Forgotten Investors; Doug Kass Editorial

The purpose of our stock market used to be to facilitate new capital formation. A growing company could raise money to hire workers and invest in its future by going public on an exchange, where long-term investors could interact in a fair secondary market. That fair secondary market gave confidence to seed investors that they could monetize their investments, and encourage them to continue to seed young companies.

Who has been hiring Americans in the last 10 years: smaller young businesses or large multinationals and financials?

Until fairly recently, our major stock exchanges were run like utilities. Rules were in place that honored things like price-time priority, and rules of engagement. This is no longer the case, as you all know. For-profit exchanges are really misnamed server farms, whose real business is providing collocation front-running and server-servicing to a class of locust market participants who savage and pillage investors.

Our regulators enable them. The recent Limit Up Limit Down proposal sits waiting approval sixteen months after the flash crash. It was written by the for-profit exchanges and handed to the SEC. A study by Nanex actually demonstrates that LULD would not have even prevented the Flash Crash of May 6th, and might have even made it worse! Amazing isn’t it?

Prior to May 6th 2010 we were a lonely voice of criticism of the conflicted rats-nest that is our equity market. “Respected” consultants branded us luddites, who would have us all go back to quarter spreads and rotary phones. Since May 6th, we have been honored to see many respected and important market leaders take up our call to right our course. In the recent past we have highlighted viewpoints for you from the Najarian Brothers, Zerohedge, Alphaville, Jim Cramer, as well as seasoned academics. Today we want to highlight a particularly excellent editorial written by Doug Kass yesterday afternoon. The link to it is here: The Newest Financial Weapons of Mass Destruction. It is a most excellent read.

Some teaser quotes:

– Meanwhile the SEC fiddles while the New York Stock Exchange and investors burn. I suppose one important reason why the SEC is hopelessly unresponsive is that they are literally “paid off” by the high-frequency-trading industry and its lobbying efforts have likely retarded regulatory responses.

– The toxic combination of price momentum-based high-frequency trading strategies and the proliferation of leveraged ETFs has served to launch the newest forms of financial weapons of mass destruction, and they’re alienating legions of investors.

– Their influence (on the market’s volatility) is contributing to the negative feedback loop that is threatening our domestic economy’s growth trajectory.

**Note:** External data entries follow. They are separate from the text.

(* Suppose $\mathcal M$ is unichain and indexable, and $\widehat{\mathcal M}$ has the same rewards and the same support as $\mathcal M$ and satisfies Assumption (A). There exists a constant $c_\alpha>0$ depending only on $\mathcal M$ such that for every state $s\in\mathcal S$ and every policy $\pi\subseteq\mathcal S$, $$|\alpha^\pi_s-\hat\alpha^\pi_s|\le c_\alpha\|\mathcal M-\widehat{\mathcal M}\|_\infty,$$ where $\alpha^\pi_s$ and $\hat\alpha^\pi_s$ are the activation advantages of $s$ under $\pi$ in $\mathcal M$ and $\widehat{\mathcal M}$ respectively. (One may take $c_\alpha=\max_\pi\{\mathrm{sp}(b^\pi)+8D(P^\pi)\mathrm{sp}(b^\pi)+\tfrac12\mathrm{sp}(b^{\pi,1})\}$, where $b^{\pi,1}$ solves $b^{\pi,1}=b^\pi+P^\pi b^{\pi,1}$.)
   Context: Setting. An MDP is $\mathcal M=(\mathcal S,\{0,1\},(P^a)_a,(r^a)_a)$, finite $\mathcal S$, row-stochastic $P^0,P^1$, rewards $r^0,r^1\in\mathbb R^{\mathcal S}$. A policy is a subset $\pi\subseteq\mathcal S$ of states where action 1 is played, inducing $P^\pi$, $r^\pi$; $\mathcal M$ is unichain if every $P^\pi$ has a single recurrent class. For a unichain policy, gain $g^\pi$ and bias $b^\pi$ (up to an additive constant) solve $g^\pi\mathbf 1+b^\pi=r^\pi+P^\pi b^\pi$; the activation advantage is $\alpha^\pi_s=r^1_s-r^0_s+(P^1_{s,\cdot}-P^0_{s,\cdot})\cdot b^\pi$. For $\lambda\in\mathbb R$, $\mathcal M(\lambda)$ has the same transitions and rewards $r^1-\lambda\mathbf 1$, $r^0$, with advantages $\alpha^\pi_s(\lambda)$ defined likewise (including the term $-\lambda$). BO (bias optimal) policy in $\mathcal M(\lambda)$: gain optimal and bias-maximal among gain-optimal policies; for unichain MDPs, $\pi$ is BO iff $\alpha^\pi_s(\lambda)\ge0$ for $s\in\pi$, $\le0$ for $s\notin\pi$. $\alpha^*_s(\lambda)$ is $\alpha^\pi_s(\lambda)$ for any BO $\pi$. $\mathcal M$ indexable: for each $s$ there is $\lambda_s$ (Whittle index) with $\alpha^*_s(\lambda)>0$ for $\lambda<\lambda_s$ and $<0$ for $\lambda>\lambda_s$. Hats denote objects in $\widehat{\mathcal M}=(\mathcal S,\{0,1\},(\hat P^a)_a,(r^a)_a)$. $\|A\|_\infty=\max_s\sum_{s'}|A_{s,s'}|$; $\|\mathcal M-\widehat{\mathcal M}\|_\infty=\max_a\|P^a-\hat P^a\|_\infty$. Same support: $P^a_{s,s'}>0\iff\hat P^a_{s,s'}>0$. $\mathrm{sp}(v)=\max v-\min v$. Diameter of unichain $P$ with recurrent class $\mathcal S_r$: $D(P)=\max_{s\in\mathcal S,s'\in\mathcal S_r}\mathbb E^P[\tau_{s,s'}]$. Assumption (A): $\|\mathcal M-\widehat{\mathcal M}\|_\infty\le\min\{1/\max_\pi D(P^\pi),\ \tfrac12\min\{|\lambda_s-\lambda_{s'}|:\lambda_s\ne\lambda_{s'}\}\}$. *)

theory Defs
  imports Complex_Main
begin
lemma string_algebra_local:
  assumes SA: "string_algebra V A s t Rel"
  shows "\<lbrakk>a \<in> A; b \<in> A; b' \<in> A; s b = t a; s b' = t a;
          \<not> in_I Rel [a, b]; \<not> in_I Rel [a, b']\<rbrakk> \<Longrightarrow> b = b'"
    and "\<lbrakk>a \<in> A; c \<in> A; c' \<in> A; t c = s a; t c' = s a;
          \<not> in_I Rel [c, a]; \<not> in_I Rel [c', a]\<rbrakk> \<Longrightarrow> c = c'"
    and "\<lbrakk>a \<in> A; b \<in> A; c \<in> A; t a = t b; t a = t c\<rbrakk> \<Longrightarrow> a = b \<or> a = c \<or> b = c"
    and "\<lbrakk>a \<in> A; b \<in> A; c \<in> A; s a = s b; s a = s c\<rbrakk> \<Longrightarrow> a = b \<or> a = c \<or> b = c"
proof -
  have fin: "finite {x\<in>A. P x}" for P using SA by (simp add: string_algebra_def)
  have V: "a \<in> A \<Longrightarrow> s a \<in> V \<and> t a \<in> V" for a using SA by (simp add: string_algebra_def)
  have single: "x = y" if "card {z\<in>A. P z} \<le> 1" "x \<in> A" "P x" "y \<in> A" "P y" for P x y
    using that card_le_Suc0_iff_eq[OF fin, of P] by simp
  show "\<lbrakk>a \<in> A; b \<in> A; b' \<in> A; s b = t a; s b' = t a;
          \<not> in_I Rel [a, b]; \<not> in_I Rel [a, b']\<rbrakk> \<Longrightarrow> b = b'"
    using single[of "\<lambda>b. s b = t a \<and> \<not> in_I Rel [a, b]" b b'] SA
    by (simp add: string_algebra_def)
  show "\<lbrakk>a \<in> A; c \<in> A; c' \<in> A; t c = s a; t c' = s a;
          \<not> in_I Rel [c, a]; \<not> in_I Rel [c', a]\<rbrakk> \<Longrightarrow> c = c'"
    using single[of "\<lambda>c. t c = s a \<and> \<not> in_I Rel [c, a]" c c'] SA
    by (simp add: string_algebra_def)
  show "\<lbrakk>a \<in> A; b \<in> A; c \<in> A; t a = t b; t a = t c\<rbrakk> \<Longrightarrow> a = b \<or> a = c \<or> b = c"
    using SA V three_in_card_le_2[OF fin, of a "\<lambda>x. t x = t a" b c]
    by (simp add: string_algebra_def)
  show "\<lbrakk>a \<in> A; b \<in> A; c \<in> A; s a = s b; s a = s c\<rbrakk> \<Longrightarrow> a = b \<or> a = c \<or> b = c"
    using SA V three_in_card_le_2[OF fin, of a "\<lambda>x. s x = s a" b c]
    by (simp add: string_algebra_def)
qed
(* Let $H$ be an almost-breakable monoid. Then: (i) the irreducibles of $\mathcal{P}_{\mathrm{fin},1}(H)$ are precisely the $2$-element subsets of $H$ containing $1_H$; (ii) every element of $\mathcal{P}_{\mathrm{fin},1}(H)$ admits a square-free factorization into irreducibles, i.e. a factorization in which no irreducible occurs more than once as a letter.
   Context: A monoid $H$ is almost-breakable if for all $x,y\in H$, $xy\in\{x,y\}$ or $yx\in\{x,y\}$. $\mathcal{P}_{\mathrm{fin},1}(H)$ denotes the set of non-empty finite subsets of $H$ containing $1_H$, a monoid under $XY=\{xy:x\in X,y\in Y\}$ with identity $\{1_H\}$. In a monoid $M$: $x\mid_M y$ iff $y\in MxM$; $x,y$ are associated if each divides the other; proper divisor means divides but not associated. A unit-divisor divides $1_M$; otherwise it is a non-unit-divisor. An irreducible is a non-unit-divisor $a$ with $a\neq xy$ for all non-unit-divisors $x,y$ properly dividing $a$. A factorization of an element $X$ is a finite word (possibly empty, for the identity) over the irreducibles whose product is $X$. *)

theory Defs
  imports Main
begin

definition almost_breakable :: "'a::monoid_mult itself \<Rightarrow> bool" where
  "almost_breakable _ \<longleftrightarrow> (\<forall>x y::'a. x * y \<in> {x, y} \<or> y * x \<in> {x, y})"

definition Pfin1 :: "'a::monoid_mult set set" where
  "Pfin1 = {X. finite X \<and> X \<noteq> {} \<and> 1 \<in> X}"

definition setmul :: "'a::monoid_mult set \<Rightarrow> 'a set \<Rightarrow> 'a set" where
  "setmul X Y = {x * y | x y. x \<in> X \<and> y \<in> Y}"

definition pdvd :: "'a::monoid_mult set \<Rightarrow> 'a set \<Rightarrow> bool" where
  "pdvd X Y \<longleftrightarrow> (\<exists>A\<in>Pfin1. \<exists>B\<in>Pfin1. Y = setmul (setmul A X) B)"

definition passoc :: "'a::monoid_mult set \<Rightarrow> 'a set \<Rightarrow> bool" where
  "passoc X Y \<longleftrightarrow> pdvd X Y \<and> pdvd Y X"

definition proper_pdvd :: "'a::monoid_mult set \<Rightarrow> 'a set \<Rightarrow> bool" where
  "proper_pdvd X Y \<longleftrightarrow> pdvd X Y \<and> \<not> passoc X Y"

definition non_unit_divisor :: "'a::monoid_mult set \<Rightarrow> bool" where
  "non_unit_divisor X \<longleftrightarrow> X \<in> Pfin1 \<and> \<not> pdvd X {1}"

definition pirreducible :: "'a::monoid_mult set \<Rightarrow> bool" where
  "pirreducible A \<longleftrightarrow> non_unit_divisor A \<and>
     (\<forall>X Y. non_unit_divisor X \<and> non_unit_divisor Y \<and> proper_pdvd X A \<and> proper_pdvd Y A
        \<longrightarrow> A \<noteq> setmul X Y)"

definition setprod :: "'a::monoid_mult set list \<Rightarrow> 'a set" where
  "setprod xs = foldr setmul xs {1}"

definition is_factorization :: "'a::monoid_mult set list \<Rightarrow> 'a set \<Rightarrow> bool" where
  "is_factorization xs X \<longleftrightarrow> (\<forall>A\<in>set xs. pirreducible A) \<and> setprod xs = X"

end

theory Submission
  imports Defs
begin

text \<open>
  An almost-breakable monoid is a band, and in it every finite non-empty set \<open>S\<close> contains an
  element absorbing \<open>S\<close> from one side: choose \<open>s \<in> S\<close> with \<open>s t s = s\<close> for all \<open>t \<in> S\<close>
  (a minimal element of \<open>S\<close> for two-sided divisibility in the band) and break \<open>s\<close> against
  each \<open>t\<close>. Applied to \<open>S = A - {1}\<close> for \<open>A \<in> Pfin1\<close>, this gives \<open>A = {1,s}(A - {s})\<close> or
  \<open>A = (A - {s}){1,s}\<close>. If \<open>A\<close> has more than two elements, both factors are proper non-unit
  divisors, so irreducibles have two elements; iterating the peeling yields a factorization whose
  letters \<open>{1,s}\<close> are pairwise distinct, because each peeled \<open>s\<close> leaves the remaining set.
\<close>

lemma almost_breakableD:
  assumes "almost_breakable TYPE('a::monoid_mult)"
  shows "(x::'a) * y = x \<or> x * y = y \<or> y * x = x \<or> y * x = y"
  using assms unfolding almost_breakable_def by blast

lemma almost_breakable_idem:
  assumes "almost_breakable TYPE('a::monoid_mult)"
  shows "(x::'a) * x = x"
  using almost_breakableD[OF assms, of x x] by auto

lemma band_sandwich_trans:
  fixes x s t :: "'a::monoid_mult"
  assumes idem: "\<And>y::'a. y * y = y"
    and xs: "x * s * x = x" and st: "s * t * s = s"
  shows "x * t * x = x"
proof -
  have sts: "x * s * t * s = x * s" using st by (simp add: mult.assoc)
  have "x * t * x = (x * s * t * s) * x * t * x" using xs sts by simp
  also have "\<dots> = (x * s * t) * (x * s * t) * s * x * t * x" by (simp only: idem)
  also have "\<dots> = (x * s * t) * (x * s * t * s) * x * t * x" by (simp only: mult.assoc)
  also have "\<dots> = x * s * t * (x * s * x) * t * (x * s * x)" using sts xs by (simp add: mult.assoc)
  also have "\<dots> = x * s * ((t * x * s * x) * (t * x * s * x))" by (simp only: mult.assoc)
  also have "\<dots> = x * s * (t * x * s * x)" by (simp only: idem)
  also have "\<dots> = x * s * t * x * (s * t * s) * x" using st by (simp add: mult.assoc)
  also have "\<dots> = (x * s * t) * (x * s * t) * s * x" by (simp only: mult.assoc)
  also have "\<dots> = x" using idem sts xs by simp
  finally show ?thesis .
qed

lemma almost_breakable_sandwich_minimal:
  assumes AB: "almost_breakable TYPE('a::monoid_mult)"
    and "finite (S::'a set)" "S \<noteq> {}"
  shows "\<exists>s\<in>S. \<forall>t\<in>S. s * t * s = s"
  using assms(2,3)
proof (induction S rule: finite_ne_induct)
  case (singleton x)
  then show ?case using almost_breakable_idem[OF AB] by simp
next
  case (insert x F)
  have idem: "\<And>y::'a. y * y = y" using almost_breakable_idem[OF AB] .
  obtain s where s: "s \<in> F" "\<forall>t\<in>F. s * t * s = s" using insert.IH by blast
  show ?case
  proof (cases "s * x * s = s")
    case True
    with s show ?thesis by auto
  next
    case False
    have "s * x \<noteq> s" using False idem by auto
    moreover have "x * s \<noteq> s" using False idem by (auto simp: mult.assoc)
    ultimately have "s * x = x \<or> x * s = x" using almost_breakableD[OF AB, of s x] by blast
    then have "x * s * x = x" using idem by (metis mult.assoc)
    then have "\<forall>t\<in>insert x F. x * t * x = x"
      using s band_sandwich_trans[OF idem] idem by auto
    then show ?thesis by blast
  qed
qed

lemma almost_breakable_sandwich_absorbs:
  fixes s t :: "'a::monoid_mult"
  assumes AB: "almost_breakable TYPE('a)" and sts: "s * t * s = s"
  shows "s * t = s \<or> t * s = s"
  using almost_breakableD[OF AB, of s t]
proof (elim disjE)
  assume "s * t = t"
  then have "t * s = s * t * s" by simp
  with sts show ?thesis by simp
next
  assume "t * s = t"
  then have "s * t = s * t * s" by (simp add: mult.assoc)
  with sts show ?thesis by simp
qed simp_all

lemma almost_breakable_not_mixed_absorbing:
  fixes s t u :: "'a::monoid_mult"
  assumes AB: "almost_breakable TYPE('a)"
    and ts: "t * s = s" and st: "s * t \<noteq> s" and su: "s * u = s" and us: "u * s \<noteq> s"
  shows False
proof -
  \<comment> \<open>Break \<open>s t\<close> against \<open>u s\<close>: each of the four outcomes forces \<open>s t = s\<close> or \<open>u s = s\<close>.\<close>
  define p where "p = s * t"
  define q where "q = u * s"
  have idem: "s * s = s" using almost_breakable_idem[OF AB] .
  have ps: "p * s = s" using ts idem unfolding p_def by (simp add: mult.assoc)
  have sp: "s * p = p" using idem unfolding p_def by (simp add: mult.assoc[symmetric])
  have sq: "s * q = s" using su idem unfolding q_def by (simp add: mult.assoc[symmetric])
  have qs: "q * s = q" using idem unfolding q_def by (simp add: mult.assoc)
  have "p \<noteq> s" "q \<noteq> s" using st us unfolding p_def q_def by auto
  moreover have "p * q * s = p * q" "s * (p * q) = p * q" "s * (q * p) = p" "q * p * s = q"
    using ps sp sq qs by (simp_all add: mult.assoc[symmetric]) (simp_all add: mult.assoc)
  ultimately show False
    using almost_breakableD[OF AB, of p q] ps sq by auto
qed

lemma almost_breakable_one_sided_zero:
  assumes AB: "almost_breakable TYPE('a::monoid_mult)"
    and "finite (S::'a set)" "S \<noteq> {}"
  shows "\<exists>s\<in>S. (\<forall>t\<in>S. s * t = s) \<or> (\<forall>t\<in>S. t * s = s)"
proof -
  obtain s where s: "s \<in> S" "\<forall>t\<in>S. s * t * s = s"
    using almost_breakable_sandwich_minimal[OF assms] by blast
  have "(\<forall>t\<in>S. s * t = s) \<or> (\<forall>t\<in>S. t * s = s)"
  proof (rule ccontr)
    assume "\<not> ?thesis"
    then obtain t u where tu: "t \<in> S" "s * t \<noteq> s" "u \<in> S" "u * s \<noteq> s" by blast
    then have "t * s = s" "s * u = s"
      using s almost_breakable_sandwich_absorbs[OF AB] by blast+
    with tu show False using almost_breakable_not_mixed_absorbing[OF AB] by blast
  qed
  with s show ?thesis by blast
qed
lemma smooth_closure_derivatives_in:
  assumes "open U" and S: "\<And>g. g \<in> S \<Longrightarrow> derivatives_in U (smooth_closure U S) g"
    and "f \<in> smooth_closure U S"
  shows "derivatives_in U (smooth_closure U S) f"
  using assms(3)
proof induction
  case (smooth_closure_const c)
  show ?case
    by (rule derivatives_in_closureI[where f'="\<lambda>w v. 0"]) (auto intro: smooth_closure.intros)
next
  case (smooth_closure_add f g)
  show ?case
    by (rule derivatives_in_closureI[where
          f'="\<lambda>w v. frechet_derivative f (at w) v + frechet_derivative g (at w) v"])
      (use smooth_closure_add.IH in \<open>auto intro: has_derivative_add derivatives_in_has_derivative
         smooth_closure.smooth_closure_add derivatives_in_derivative\<close>)
next
  case (smooth_closure_mult f g)
  show ?case
  proof (rule derivatives_in_closureI[where
        f'="\<lambda>w v. f w * frechet_derivative g (at w) v + frechet_derivative f (at w) v * g w"])
    show "((\<lambda>w. f w * g w) has_derivative
        (\<lambda>v. f w * frechet_derivative g (at w) v + frechet_derivative f (at w) v * g w)) (at w)"
      if "w \<in> U" for w
      using smooth_closure_mult.IH that by (intro has_derivative_mult derivatives_in_has_derivative)
    show "(\<lambda>w. f w * frechet_derivative g (at w) v + frechet_derivative f (at w) v * g w)
        \<in> smooth_closure U S" for v
      using smooth_closure_mult by (intro smooth_closure.smooth_closure_add
          smooth_closure.smooth_closure_mult derivatives_in_derivative)
  qed
next
  case (smooth_closure_cnj f)
  show ?case
    by (rule derivatives_in_closureI[where f'="\<lambda>w v. cnj (frechet_derivative f (at w) v)"])
      (use smooth_closure_cnj.IH in \<open>auto intro: bounded_linear.has_derivative[OF bounded_linear_cnj]
         derivatives_in_has_derivative smooth_closure.smooth_closure_cnj derivatives_in_derivative\<close>)
next
  case (smooth_closure_inverse f)
  show ?case
  proof (rule derivatives_in_closureI[where
        f'="\<lambda>w v. - (inverse (f w) * frechet_derivative f (at w) v * inverse (f w))"])
    show "((\<lambda>w. inverse (f w)) has_derivative
        (\<lambda>v. - (inverse (f w) * frechet_derivative f (at w) v * inverse (f w)))) (at w)"
      if "w \<in> U" for w
      using smooth_closure_inverse that by (intro Deriv.has_derivative_inverse derivatives_in_has_derivative) auto
    show "(\<lambda>w. - (inverse (f w) * frechet_derivative f (at w) v * inverse (f w))) \<in> smooth_closure U S"
      for v
      using smooth_closure_inverse by (intro smooth_closure_uminus smooth_closure.smooth_closure_mult
          smooth_closure.smooth_closure_inverse derivatives_in_derivative)
  qed
next
  case (smooth_closure_Ln f)
  have nonzero: "\<forall>w\<in>U. f w \<noteq> 0"
    using smooth_closure_Ln.hyps by (metis nonpos_Reals_zero_I)
  have "((\<lambda>w. Ln (f w)) has_derivative (\<lambda>v. inverse (f w) * frechet_derivative f (at w) v)) (at w)"
    if "w \<in> U" for w
    using has_derivative_compose[OF derivatives_in_has_derivative[OF smooth_closure_Ln.IH that]
        has_field_derivative_Ln[of "f w", unfolded has_field_derivative_def]]
      smooth_closure_Ln.hyps that by simp
  then show ?case
    by (rule derivatives_in_closureI)
      (use smooth_closure_Ln nonzero in \<open>auto intro: smooth_closure.smooth_closure_mult
         smooth_closure.smooth_closure_inverse derivatives_in_derivative\<close>)
next
  case (smooth_closure_cong f g)
  have "(g has_derivative frechet_derivative f (at w)) (at w)" if "w \<in> U" for w
    using has_derivative_transform_within_open[OF
        derivatives_in_has_derivative[OF smooth_closure_cong.IH that] assms(1) that]
      smooth_closure_cong.hyps by auto
  then show ?case
    using derivatives_in_derivative[OF smooth_closure_cong.IH] by (rule derivatives_in_closureI)
qed (rule S)

theorem smooth_on_coinduct_upto:
  assumes "open U"
    and "\<And>f. f \<in> X \<Longrightarrow> derivatives_in U (smooth_closure U (X \<union> smooth_on U)) f"
  shows "smooth_closure U (X \<union> smooth_on U) \<subseteq> smooth_on U"
proof
  have base: "derivatives_in U (smooth_closure U (X \<union> smooth_on U)) g" if "g \<in> X \<union> smooth_on U" for g
    using that assms(2) smooth_on_iff derivatives_in_mono by (blast intro: smooth_closure_base)
  fix f assume "f \<in> smooth_closure U (X \<union> smooth_on U)"
  then show "f \<in> smooth_on U"
  proof (coinduction arbitrary: f)
    case (smooth_on f)
    then show ?case
      using smooth_closure_derivatives_in[OF assms(1) base smooth_on]
      unfolding derivatives_in_def by blast
  qed
qed
section \<open>Halving sums of binomial coefficients\<close>

(* Sums of binomial coefficients weighted by 1/2^k telescope by Pascal's rule.  Here the
   lower index is fixed to the value a + c at which the first term lies on the diagonal. *)
lemma halving_sum_from_diagonal:
  assumes "a \<le> b"
  shows "(\<Sum>k=a..b. real ((k+c) choose (a+c)) / 2^k) = binom_prefix (Suc b + c) (b - a) / 2^b"
  using assms
proof (induction b rule: dec_induct)
  case base
  then show ?case by simp
next
  case (step m)
  have sym: "(Suc m + c) choose Suc (m - a) = (Suc m + c) choose (a + c)"
    using step.hyps by (subst binomial_symmetric) (auto simp: add.commute)
  have "binom_prefix (Suc (Suc m) + c) (Suc m - a)
      = 2 * binom_prefix (Suc m + c) (m - a) + real ((Suc m + c) choose (a + c))"
    using step.hyps sym by (simp add: Suc_diff_le binom_prefix_Suc_Suc)
  moreover have "(\<Sum>k=a..Suc m. real ((k+c) choose (a+c)) / 2^k)
      = binom_prefix (Suc m + c) (m - a) / 2^m + real ((Suc m + c) choose (a+c)) / 2^Suc m"
    using step.hyps step.IH by simp
  ultimately show ?case
    by (simp add: field_simps)
qed

lemma halving_sum_below_diagonal:
  assumes "a \<le> b" and "0 < a + c"
  shows "(\<Sum>k=a..b. real ((k+c) choose (a+c-1)) / 2^k)
     = binom_prefix (Suc b + c) (Suc b - a) / 2^b - 2 / 2^a"
  using assms(1)
proof (induction b rule: dec_induct)
  case base
  have "(a + c) choose (a + c - 1) = a + c"
    using assms(2) by (subst binomial_symmetric) auto
  then show ?case by (simp add: binom_prefix_Suc field_simps)
next
  case (step m)
  have sym: "(Suc m + c) choose Suc (Suc m - a) = (Suc m + c) choose (a + c - 1)"
    using step.hyps assms(2) by (subst binomial_symmetric) (auto simp: add.commute)
  have "binom_prefix (Suc (Suc m) + c) (Suc (Suc m) - a)
      = 2 * binom_prefix (Suc m + c) (Suc m - a) + real ((Suc m + c) choose (a + c - 1))"
    using step.hyps sym by (simp add: Suc_diff_le binom_prefix_Suc_Suc)
  moreover have "(\<Sum>k=a..Suc m. real ((k+c) choose (a+c-1)) / 2^k)
      = binom_prefix (Suc m + c) (Suc m - a) / 2^m - 2 / 2^a
        + real ((Suc m + c) choose (a+c-1)) / 2^Suc m"
    using step.hyps step.IH by simp
  ultimately show ?case
    by (simp add: field_simps)
qed

lemma halving_sum_band:
  "q \<le> c \<Longrightarrow> (\<Sum>k=1..n. real ((k+c) choose (k+q)) / 2^k)
     = binom_prefix (Suc c) (c - q) - binom_prefix (Suc n + c) (c - q) / 2^n"
proof (induction n)
  case 0
  then show ?case by simp
next
  case (Suc n)
  have "(Suc n + c) choose (c - q) = (Suc n + c) choose (Suc n + q)"
    using Suc.prems by (subst binomial_symmetric) auto
  with Suc show ?case
    by (simp add: binom_prefix_Suc_row field_simps)
qed

section \<open>Odd-indexed binomial sums with quadratic weights\<close>

(* The first binomial moment, sum_i i C(m,i) = m 2^(m-1), in a form free of nat subtraction. *)
lemma binomial_first_moment: "(\<Sum>i\<le>m. real i * real (m choose i)) = real m * 2^m / 2"
proof -
  have "(\<Sum>i\<le>m. real i * real (m choose i)) = real (\<Sum>i\<le>m. i * (m choose i))"
    by simp
  also have "\<dots> = real m * 2^(m-1)"
    by (simp add: choose_linear_sum)
  finally show ?thesis by (cases m) simp_all
qed
lemma orbit_L_eq:
  assumes S: "S \<in> triples_L" and T: "T \<in> orbit_L S"
  shows "orbit_L T = orbit_L S"
proof -
  have S': "S \<subseteq> cosets_L" using S by (simp add: triples_L_def)
  obtain m where m: "m \<in> M_L" "T = sact S m" using T by (auto simp: orbit_L_def)
  have mG: "m \<in> carrier GL7" using m(1) M_L_GL7 by blast
  have T_orbit: "sact T n = sact S (m * n)" if "n \<in> M_L" for n
    using sact_sact[OF S' mG] that M_L_GL7 m(2) by blast
  show ?thesis
  proof
    show "orbit_L T \<subseteq> orbit_L S"
      using T_orbit subgroup.m_closed[OF subgroup_M_L m(1)] by (auto simp: orbit_L_def)
    show "orbit_L S \<subseteq> orbit_L T"
    proof
      fix U assume "U \<in> orbit_L S"
      then obtain n where n: "n \<in> M_L" "U = sact S n" by (auto simp: orbit_L_def)
      let ?k = "inv\<^bsub>GL7\<^esub> m * n"
      have k: "?k \<in> M_L"
        using subgroup.m_closed[OF subgroup_M_L subgroup.m_inv_closed[OF subgroup_M_L m(1)] n(1)] by simp
      have nG: "n \<in> carrier GL7" using n(1) M_L_GL7 by blast
      have "m * ?k = (m * inv\<^bsub>GL7\<^esub> m) * n"
        using monoid.m_assoc[OF group.is_monoid[OF group_GL7] mG group.inv_closed[OF group_GL7 mG] nG]
        by simp
      also have "\<dots> = n"
        using group.r_inv[OF group_GL7 mG] monoid.l_one[OF group.is_monoid[OF group_GL7] nG] by simp
      finally have "m * ?k = n" .
      then have "U = sact T ?k" using T_orbit[OF k] n(2) by simp
      then show "U \<in> orbit_L T" using k by (auto simp: orbit_L_def)
    qed
  qed
qed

– Astonishingly, since the beginning of 2007, domestic equity mutual funds have had net outflows of more than $400 billion (in the same period, $835 billion of fixed-income funds have been purchased! (Hat tip Steve)).That spread between stock outflows and bond inflows — $1.235 trillion — is unprecedented in the annals of financial history.

– Nevertheless, time is running out to stop the damage in investor confidence.
One can only hope that the SEC recognizes that the damage being done to our markets is permanent. One can only hope they realize that listening to the lobbyists, and the bought Congressional Leadership in the House Financial Committee, will accelerate the decline of our capital raising system. One can only hope that the SEC realizes that we need them to be fearless in their stance against the conflicted lobbyists and insiders who have wrecked our markets, and should not be allowed to make the rules that allegedly remedy them.

Doug Kass’s editorial is excellent. The linkage between the stock market and economic growth is broken. Appointed and Elected Leadership needs to understand that.